2. 备份 volume 数据；(通过 restic 实现)
  1. 通过 "选择性启用" 的方式，只备份特定的 pod volume
迁移特定 namespace 到 A 集群 : caseycui2020:
1. 迁移 resources - 通过 include 的方式，仅迁移特定 resources;
2. 迁移 volume 数据. (通过 restic 实现)

安装

在您的本地目录中创建特定于 Velero 的凭证文件（credentials-velero):

使用的是 xsky 的对象存储: (公司的 netapp 的对象存储不兼容)
1
2
3
[default] aws_access_key_id = xxxxxxxxxxxxxxxxxxxxxxxx aws_secret_access_key = xxxxxxxxxxxxxxxxxxxxxxxxxxxxxxxxxxxxxxx
(openshift) 需要先创建 namespace : velero: oc new-project velero
默认情况下，用户维度的 openshift namespace 不会在集群中的所有节点上调度 Pod。

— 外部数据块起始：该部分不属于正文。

lemma full_window_swap [simp]: "full_window (B \<circ> prod.swap) b a T \<longleftrightarrow> full_window B a b T"
  unfolding full_window_def by (metis comp_apply swap_mem_window swap_swap)

lemma maximal_window_swap [simp]: "maximal_window (B \<circ> prod.swap) b a T \<longleftrightarrow> maximal_window B a b T"
  unfolding maximal_window_def by auto

lemma pinned_strip_maximal_window:
  assumes "0 < T" "pinned_strip B {a..<a + T} b T"
  shows "maximal_window B a b T"
proof -
  obtain i i' where "i \<in> {a..<a + T}" "\<not> B (i, b + T)" "i' \<in> {a..<a + T}" "\<not> B (i', b - 1)"
    using assms(2) by (auto simp: pinned_strip_def)
  then have "\<not> full_window B a' b' (T + 1)" if "a' \<in> {a - 1, a}" "b' \<in> {b - 1, b}" for a' b'
    using that unfolding full_window_def window_def by (elim insertE; force)
  then show ?thesis
    using assms by (auto simp: maximal_window_def full_window_def window_def pinned_strip_def)
qed

lemma pinned_strip_exchange:
  assumes "pinned_strip B I b T" "\<exists>i \<in> I. \<exists>j \<in> {b..<b + T}. W (i, j)"
    and "e' \<in> I" "d' \<in> insert e (I - {d})"
    and "\<And>j. B (e, j) = B (e', j)" "\<And>j. B (d, j) = B (d', j)"
    and "\<And>j. W (d, j) \<Longrightarrow> B (d', j) \<Longrightarrow> W (d', j)"
  shows "pinned_strip B (insert e (I - {d})) b T \<and> (\<exists>i \<in> insert e (I - {d}). \<exists>j \<in> {b..<b + T}. W (i, j))"
proof -
  let ?I = "insert e (I - {d})"
  have full: "\<forall>i \<in> ?I. \<forall>j \<in> {b..<b + T}. B (i, j)"
    using assms(1,3,5) by (auto simp: pinned_strip_def)
  have blocked: "\<exists>i \<in> ?I. \<not> B (i, r)" if "\<exists>i \<in> I. \<not> B (i, r)" for r
    using that assms(4,6) by (metis insert_Diff_single insert_iff)
  have "\<exists>i \<in> ?I. \<exists>j \<in> {b..<b + T}. W (i, j)"
    using assms(2,4,7) full by (metis insert_Diff_single insert_iff)
  then show ?thesis
    using full blocked assms(1) by (simp add: pinned_strip_def)
qed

要在所有节点上计划 namespace，需要一个注释：
1
oc annotate namespace velero openshift.io/node-selector=""
这应该在安装 velero 之前完成。

启动服务器和存储服务。在 Velero 目录中，运行：

velero install \
    --provider aws \
    --plugins velero/velero-plugin-for-aws:v1.0.0 \
    --bucket velero \
    --secret-file ./credentials-velero \
    --use-restic \
    --use-volume-snapshots=true \
    --backup-location-config region="default",s3ForcePathStyle="true",s3Url="http://glacier.ewhisper.cn",insecureSkipTLSVerify="true",signatureVersion="4" \
    --snapshot-location-config region="default"

创建的内容包括:

CustomResourceDefinition/backups.velero.io: attempting to create resource
CustomResourceDefinition/backups.velero.io: created
CustomResourceDefinition/backupstoragelocations.velero.io: attempting to create resource
CustomResourceDefinition/backupstoragelocations.velero.io: created
CustomResourceDefinition/deletebackuprequests.velero.io: attempting to create resource
CustomResourceDefinition/deletebackuprequests.velero.io: created
CustomResourceDefinition/downloadrequests.velero.io: attempting to create resource
CustomResourceDefinition/downloadrequests.velero.io: created
CustomResourceDefinition/podvolumebackups.velero.io: attempting to create resource
CustomResourceDefinition/podvolumebackups.velero.io: created
CustomResourceDefinition/podvolumerestores.velero.io: attempting to create resource
CustomResourceDefinition/podvolumerestores.velero.io: created
CustomResourceDefinition/resticrepositories.velero.io: attempting to create resource
CustomResourceDefinition/resticrepositories.velero.io: created
CustomResourceDefinition/restores.velero.io: attempting to create resource
CustomResourceDefinition/restores.velero.io: created
CustomResourceDefinition/schedules.velero.io: attempting to create resource
CustomResourceDefinition/schedules.velero.io: created
CustomResourceDefinition/serverstatusrequests.velero.io: attempting to create resource
CustomResourceDefinition/serverstatusrequests.velero.io: created
CustomResourceDefinition/volumesnapshotlocations.velero.io: attempting to create resource
CustomResourceDefinition/volumesnapshotlocations.velero.io: created
Waiting for resources to be ready in cluster...
Namespace/velero: attempting to create resource
Namespace/velero: created
ClusterRoleBinding/velero: attempting to create resource
ClusterRoleBinding/velero: created
ServiceAccount/velero: attempting to create resource
ServiceAccount/velero: created
Secret/cloud-credentials: attempting to create resource
Secret/cloud-credentials: created
BackupStorageLocation/default: attempting to create resource
BackupStorageLocation/default: created
VolumeSnapshotLocation/default: attempting to create resource
VolumeSnapshotLocation/default: created
Deployment/velero: attempting to create resource
Deployment/velero: created
DaemonSet/restic: attempting to create resource
DaemonSet/restic: created
Velero is installed! ⛵ Use 'kubectl logs deployment/velero -n velero' to view the status.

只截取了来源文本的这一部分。